Clinical decision-making based on minimal residual disease (MRD) may be associated with improved therapy satisfaction and optimized post-remission treatment for patients with intermediate-risk acute myeloid leukemia (IR-AML), according to findings from a study published in JAMA Network Open.

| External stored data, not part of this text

lemma green_insert_edge:
  assumes "u \<in> V" "v \<in> V" "u \<noteq> v" "{u, v} \<notin> E" "w \<in> V" "x \<in> V"
  defines "E' \<equiv> insert {u, v} E" and "g \<equiv> green \<alpha> V E w"
  shows "g x = green \<alpha> V E' w x - edge_increment \<alpha> V E g u v * green \<alpha> V E' u x
                 - edge_increment \<alpha> V E g v u * green \<alpha> V E' v x"
proof -
  define ru where "ru = edge_increment \<alpha> V E g u v"
  define rv where "rv = edge_increment \<alpha> V E g v u"
  let ?h = "\<lambda>x. green \<alpha> V E' w x - ru * green \<alpha> V E' u x - rv * green \<alpha> V E' v x"
  have "g x - walk_op \<alpha> V E' g x = ?h x - walk_op \<alpha> V E' ?h x" if "x \<in> V" for x
  proof -
    have "g x - walk_op \<alpha> V E' g x
        = (if x = w then 1 else 0) - (if x = u then ru else 0) - (if x = v then rv else 0)"
      using green_eq[OF assms(5) that] walk_op_insert_edge[OF finite_V assms(1-4)]
      by (simp add: E'_def g_def ru_def rv_def)
    also have "\<dots> = ?h x - walk_op \<alpha> V E' ?h x"
      unfolding walk_op_diff walk_op_cmult
      using green_eq[where E = E', OF assms(1) that] green_eq[where E = E', OF assms(2) that]
        green_eq[where E = E', OF assms(5) that] assms(3)
      by (simp add: algebra_simps)
    finally show ?thesis .
  qed
  then have "\<forall>x\<in>V. g x = ?h x"
    by (rule eq_on_if_same_source)
  then show ?thesis using assms(6) by (simp add: ru_def rv_def)
qed

lemma green_two_poles_lt:
  assumes "u \<in> V" "v \<in> V" "u \<noteq> v" "y \<in> nbrs V E v" "y \<noteq> u" "y \<noteq> v"
  shows "green \<alpha> V E u v + green \<alpha> V E v v < 1 / \<alpha>"
proof -
  have y: "y \<in> V" using assms(4) by (rule nbrs_memD)
  have "green \<alpha> V E u v + green \<alpha> V E v v + green \<alpha> V E y v = (\<Sum>w\<in>{u, v, y}. green \<alpha> V E w v)"
    using assms(3,5,6) by simp
  also have "\<dots> \<le> (\<Sum>w\<in>V. green \<alpha> V E w v)"
    using assms(1,2) y green_nonneg[OF _ assms(2)] finite_V by (intro sum_mono2) auto
  also have "\<dots> \<le> 1 / \<alpha>"
    using sum_green_over_poles_le[OF assms(2)] .
  finally show ?thesis
    using green_pos_nbr[OF assms(2,4,6)] by simp
qed

lemma edge_increment_green_sum:
  assumes "u \<in> V" "v \<in> V" "u \<noteq> v" "card (nbrs V E u) = card (nbrs V E v)"
  defines "g \<equiv> green \<alpha> V E v"
  shows "edge_increment \<alpha> V E g u v + edge_increment \<alpha> V E g v u
    = (1 - \<alpha> * (g u + g v)) / (real (card (nbrs V E v)) + 1)"
proof -
  have "walk_op \<alpha> V E g u = g u" "walk_op \<alpha> V E g v = g v - 1"
    using green_eq[OF assms(2,1)] green_eq[OF assms(2,2)] assms(3) by (simp_all add: g_def)
  then show ?thesis
    using assms(4) by (simp add: edge_increment_def add_divide_distrib[symmetric] algebra_simps)
qed

lemma sum_green_insert_symmetric_edge:
  assumes "u \<in> V" "v \<in> V" "u \<noteq> v" "{u, v} \<notin> E" "v \<notin> nbrs V E v" "nbrs V E v \<noteq> {}"
    and aut: "graph_automorphism V E \<sigma>" "\<sigma> u = v" "\<sigma> v = u"
  shows "(\<Sum>x\<in>V. green \<alpha> V E v x) < (\<Sum>x\<in>V. green \<alpha> V (insert {u, v} E) v x)"
proof -
  define E' where "E' = insert {u, v} E"
  define g where "g = green \<alpha> V E v"
  define ru where "ru = edge_increment \<alpha> V E g u v"
  define rv where "rv = edge_increment \<alpha> V E g v u"
  define r where "r = ru + rv"
  have sym: "(\<Sum>x\<in>V. green \<alpha> V E' u x) = (\<Sum>x\<in>V. green \<alpha> V E' v x)"
    using sum_green_automorphism[OF graph_automorphism_insert_edge[OF aut(1) assms(1,2) aut(2,3)] assms(2)]
    by (simp add: aut(3) E'_def)
  have "(\<Sum>x\<in>V. g x) = (\<Sum>x\<in>V. green \<alpha> V E' v x - ru * green \<alpha> V E' u x - rv * green \<alpha> V E' v x)"
    using green_insert_edge[OF assms(1-4,2)] by (intro sum.cong) (simp_all add: E'_def g_def ru_def rv_def)
  also have "\<dots> = (\<Sum>x\<in>V. green \<alpha> V E' v x) - ru * (\<Sum>x\<in>V. green \<alpha> V E' u x) - rv * (\<Sum>x\<in>V. green \<alpha> V E' v x)"
    by (simp add: sum_subtractf sum_distrib_left)
  finally have sum_g: "(\<Sum>x\<in>V. g x) = (1 - r) * (\<Sum>x\<in>V. green \<alpha> V E' v x)"
    unfolding sym by (simp add: r_def algebra_simps)
  have "g u = green \<alpha> V E u v"
    using green_automorphism[OF aut(1) assms(1,2)] aut(2,3) by (simp add: g_def)
  moreover obtain y where y: "y \<in> nbrs V E v" using assms(6) by blast
  moreover have "y \<noteq> u" "y \<noteq> v"
    using y assms(4,5) by (auto simp: nbrs_def insert_commute)
  ultimately have "\<alpha> * (g u + g v) < 1"
    using green_two_poles_lt[OF assms(1-3) y] alpha_pos by (simp add: g_def field_simps)
  moreover have "card (nbrs V E u) = card (nbrs V E v)"
    using card_nbrs_automorphism[OF aut(1) assms(2)] aut(3) by simp
  ultimately have "0 < r"
    unfolding r_def ru_def rv_def g_def using edge_increment_green_sum[OF assms(1-3)] by simp
  then have "0 < r * (\<Sum>x\<in>V. green \<alpha> V E' v x)"
    using sum_green_ge_1[OF assms(2), where E = E'] by simp
  then show ?thesis
    using sum_g by (simp add: E'_def g_def algebra_simps)
qed

lemma pagerank_uniform_eq_green:
  "w \<in> V \<Longrightarrow> pagerank \<alpha> (\<lambda>x. 1 / real (card V)) V E w = \<alpha> * (\<Sum>x\<in>V. green \<alpha> V E w x) / real (card V)"
  by (simp add: pagerank_eq_green sum_divide_distrib[symmetric])

lemma pagerank_insert_symmetric_edge_gt:
  assumes "u \<in> V" "v \<in> V" "u \<noteq> v" "{u, v} \<notin> E" "v \<notin> nbrs V E v" "nbrs V E v \<noteq> {}"
    and "graph_automorphism V E \<sigma>" "\<sigma> u = v" "\<sigma> v = u"
  shows "pagerank \<alpha> (\<lambda>w. 1 / real (card V)) V E v < pagerank \<alpha> (\<lambda>w. 1 / real (card V)) V (insert {u, v} E) v"
proof -
  have "0 < card V"
    using assms(2) finite_V card_gt_0_iff by blast
  then show ?thesis
    unfolding pagerank_uniform_eq_green[OF assms(2)]
    using sum_green_insert_symmetric_edge[OF assms] alpha_pos
    by (intro divide_strict_right_mono mult_strict_left_mono) auto
qed

end

theorem theorem5p4:
  fixes V :: "'a set" and E :: "'a set set" and \<alpha> :: real and u v :: 'a and \<sigma> :: "'a \<Rightarrow> 'a"
  assumes "simple_graph V E"
    and "0 < \<alpha>" and "\<alpha> < 1"
    and "u \<in> V" and "v \<in> V" and "u \<noteq> v" and "{u, v} \<notin> E"
    and "nbrs V E v \<noteq> {}"
    and "graph_automorphism V E \<sigma>" and "\<sigma> v = u" and "\<sigma> u = v"
  shows "pagerank \<alpha> (\<lambda>w. 1 / real (card V)) V (insert {u, v} E) v
           > pagerank \<alpha> (\<lambda>w. 1 / real (card V)) V E v
       \<and> pagerank \<alpha> (\<lambda>w. 1 / real (card V)) V (insert {u, v} E) u
           > pagerank \<alpha> (\<lambda>w. 1 / real (card V)) V E u"
proof -
  interpret damped_walk V \<alpha>
    using assms(1-3) by unfold_locales (simp_all add: simple_graph_def)
  have no_loop: "\<And>x. x \<notin> nbrs V E x"
    using assms(1) by (rule simple_graph_no_loop)
  have "{v, u} \<notin> E" using assms(7) by (simp add: insert_commute)
  moreover have "nbrs V E u \<noteq> {}"
    using nbrs_automorphism[OF assms(9,5)] assms(8,10) by simp
  ultimately show ?thesis
    using pagerank_insert_symmetric_edge_gt[OF assms(4-7) no_loop assms(8,9,11,10)]
      pagerank_insert_symmetric_edge_gt[OF assms(5,4) assms(6)[symmetric] _ no_loop _ assms(9,10,11)]
    by (simp add: insert_commute)
qed

end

Patients who were treated with chemotherapy (HR, 0.35; 95% CI, 0.14-0.90), as well as those who were treated with autologous stem cell transplant (HR, 0.07; 95% CI, 0.01-0.58; P = .01) had better graft-versus-host disease, relapse-free survival (GRFS). Patients who were MRD positive after 1 course of chemotherapy but were MRD negative after 2 to 3 courses, and those who underwent autologous (HR, 0.08; 95% CI, 0.02-0.24; P <.001) and allogenic stem cell transplant (HR, 0.25; 95% CI, 0.08-0.78; P = .01) had a lower cumulative incidence of relapse vs chemotherapy alone. Additionally, better leukemia-free survival (LFS; autologous: HR, 0.26; 95% CI, 0.10-0.64; P = .004; allogenic: HR, 0.21; 95% CI, 0.09-0.46; P <.001), and overall survival (OS; autologous: HR, 0.22; 95% CI, 0.08-0.64; P = .005; allogenic: HR, 0.25; 95% CI, 0.11-0.59; P = .001) were lower among those who also received stem cell transplant vs chemotherapy alone.
“It remains a challenge for practitioners to choose the optimal [post-remission treatment] for patients with IR-AML because different conclusions have been drawn in previous reports. On the one hand, some studies have suggested that patients with IR-AML might benefit from [allogenic-stem cell transplant]. For instance, [matched sibling donors stem cell transplants] or matched unrelated donor [stem cell transplant] might be superior to chemotherapy or auto-[stem cell transplant]. In addition, some investigators have reported that haploidentical donor–[stem cell transplant] also achieved more favorable survival outcomes than chemotherapy or auto-[stem cell transplant] owing to significantly lower cumulative incidence of relapse and acceptable transplant-related mortality,” the authors wrote.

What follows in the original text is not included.